■ **Task item**
Entries follow. Return each line that contains the word "carrier".

■ **Extracted material**
----
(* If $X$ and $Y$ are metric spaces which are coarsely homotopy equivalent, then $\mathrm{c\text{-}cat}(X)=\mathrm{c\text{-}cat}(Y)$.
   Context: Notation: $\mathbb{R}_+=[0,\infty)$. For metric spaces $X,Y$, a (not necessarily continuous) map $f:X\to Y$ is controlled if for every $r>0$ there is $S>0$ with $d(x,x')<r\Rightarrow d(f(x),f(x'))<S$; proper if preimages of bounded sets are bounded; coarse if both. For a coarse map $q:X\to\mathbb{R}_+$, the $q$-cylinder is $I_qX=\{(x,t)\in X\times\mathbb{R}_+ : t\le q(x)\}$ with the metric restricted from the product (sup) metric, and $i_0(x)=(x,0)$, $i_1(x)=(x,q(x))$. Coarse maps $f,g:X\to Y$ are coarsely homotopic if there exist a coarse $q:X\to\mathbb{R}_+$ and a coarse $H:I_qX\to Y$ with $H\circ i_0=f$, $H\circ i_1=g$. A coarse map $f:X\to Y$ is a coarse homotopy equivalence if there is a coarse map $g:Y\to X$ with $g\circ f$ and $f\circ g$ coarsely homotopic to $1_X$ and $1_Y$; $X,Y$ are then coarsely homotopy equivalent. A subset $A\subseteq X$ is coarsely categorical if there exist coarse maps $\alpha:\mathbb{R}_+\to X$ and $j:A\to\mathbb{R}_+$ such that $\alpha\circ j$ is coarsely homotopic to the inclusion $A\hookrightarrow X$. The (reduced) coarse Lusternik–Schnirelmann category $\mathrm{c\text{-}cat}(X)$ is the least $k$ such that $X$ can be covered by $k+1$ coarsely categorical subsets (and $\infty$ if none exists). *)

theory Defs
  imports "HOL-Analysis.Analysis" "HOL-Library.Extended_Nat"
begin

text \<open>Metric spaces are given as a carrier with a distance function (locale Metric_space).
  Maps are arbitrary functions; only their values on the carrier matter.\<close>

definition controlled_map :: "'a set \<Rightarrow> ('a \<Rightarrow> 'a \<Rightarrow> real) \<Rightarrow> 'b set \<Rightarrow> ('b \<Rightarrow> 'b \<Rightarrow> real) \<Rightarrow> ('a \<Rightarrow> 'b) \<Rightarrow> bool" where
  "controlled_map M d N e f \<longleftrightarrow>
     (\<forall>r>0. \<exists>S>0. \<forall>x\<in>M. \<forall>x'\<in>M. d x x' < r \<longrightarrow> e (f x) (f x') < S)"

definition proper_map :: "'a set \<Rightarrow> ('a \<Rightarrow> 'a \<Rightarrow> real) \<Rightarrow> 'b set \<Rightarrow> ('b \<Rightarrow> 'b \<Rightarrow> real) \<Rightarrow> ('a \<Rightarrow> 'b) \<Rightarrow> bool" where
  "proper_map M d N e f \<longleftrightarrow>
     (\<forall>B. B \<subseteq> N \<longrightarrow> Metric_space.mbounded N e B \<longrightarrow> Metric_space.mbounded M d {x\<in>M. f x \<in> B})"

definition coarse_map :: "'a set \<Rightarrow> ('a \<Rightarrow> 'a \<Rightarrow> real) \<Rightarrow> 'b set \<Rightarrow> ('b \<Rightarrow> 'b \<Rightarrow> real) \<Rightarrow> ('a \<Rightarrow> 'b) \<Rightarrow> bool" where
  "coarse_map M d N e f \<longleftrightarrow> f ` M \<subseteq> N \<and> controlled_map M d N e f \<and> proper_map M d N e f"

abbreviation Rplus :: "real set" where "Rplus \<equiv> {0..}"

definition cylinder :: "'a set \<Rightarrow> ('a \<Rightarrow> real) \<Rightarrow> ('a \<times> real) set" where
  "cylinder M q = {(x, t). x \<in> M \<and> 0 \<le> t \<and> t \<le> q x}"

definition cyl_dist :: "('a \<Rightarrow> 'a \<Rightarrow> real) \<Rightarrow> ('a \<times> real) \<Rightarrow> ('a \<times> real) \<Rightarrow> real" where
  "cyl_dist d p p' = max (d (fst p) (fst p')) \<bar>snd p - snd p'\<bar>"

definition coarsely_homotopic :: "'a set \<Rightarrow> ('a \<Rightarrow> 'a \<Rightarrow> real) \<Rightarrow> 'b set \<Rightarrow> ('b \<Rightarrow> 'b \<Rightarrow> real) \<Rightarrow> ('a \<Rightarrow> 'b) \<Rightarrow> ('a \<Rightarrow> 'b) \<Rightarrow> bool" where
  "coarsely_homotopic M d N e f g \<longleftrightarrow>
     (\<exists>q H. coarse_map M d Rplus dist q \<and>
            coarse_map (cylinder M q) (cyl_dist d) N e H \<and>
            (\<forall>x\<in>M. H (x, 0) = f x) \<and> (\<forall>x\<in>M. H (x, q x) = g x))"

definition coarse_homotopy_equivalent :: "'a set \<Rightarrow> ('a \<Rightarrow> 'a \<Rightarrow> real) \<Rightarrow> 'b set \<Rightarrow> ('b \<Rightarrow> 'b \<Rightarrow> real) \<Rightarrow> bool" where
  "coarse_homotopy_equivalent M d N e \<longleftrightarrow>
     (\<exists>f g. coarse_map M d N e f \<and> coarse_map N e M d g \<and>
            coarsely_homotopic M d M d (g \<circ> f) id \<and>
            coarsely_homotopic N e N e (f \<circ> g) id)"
----
■ **Answer section**
text \<open>Metric spaces are given as a carrier with a distance function (locale Metric_space).
  Maps are arbitrary functions; only their values on the carrier matter.\<close>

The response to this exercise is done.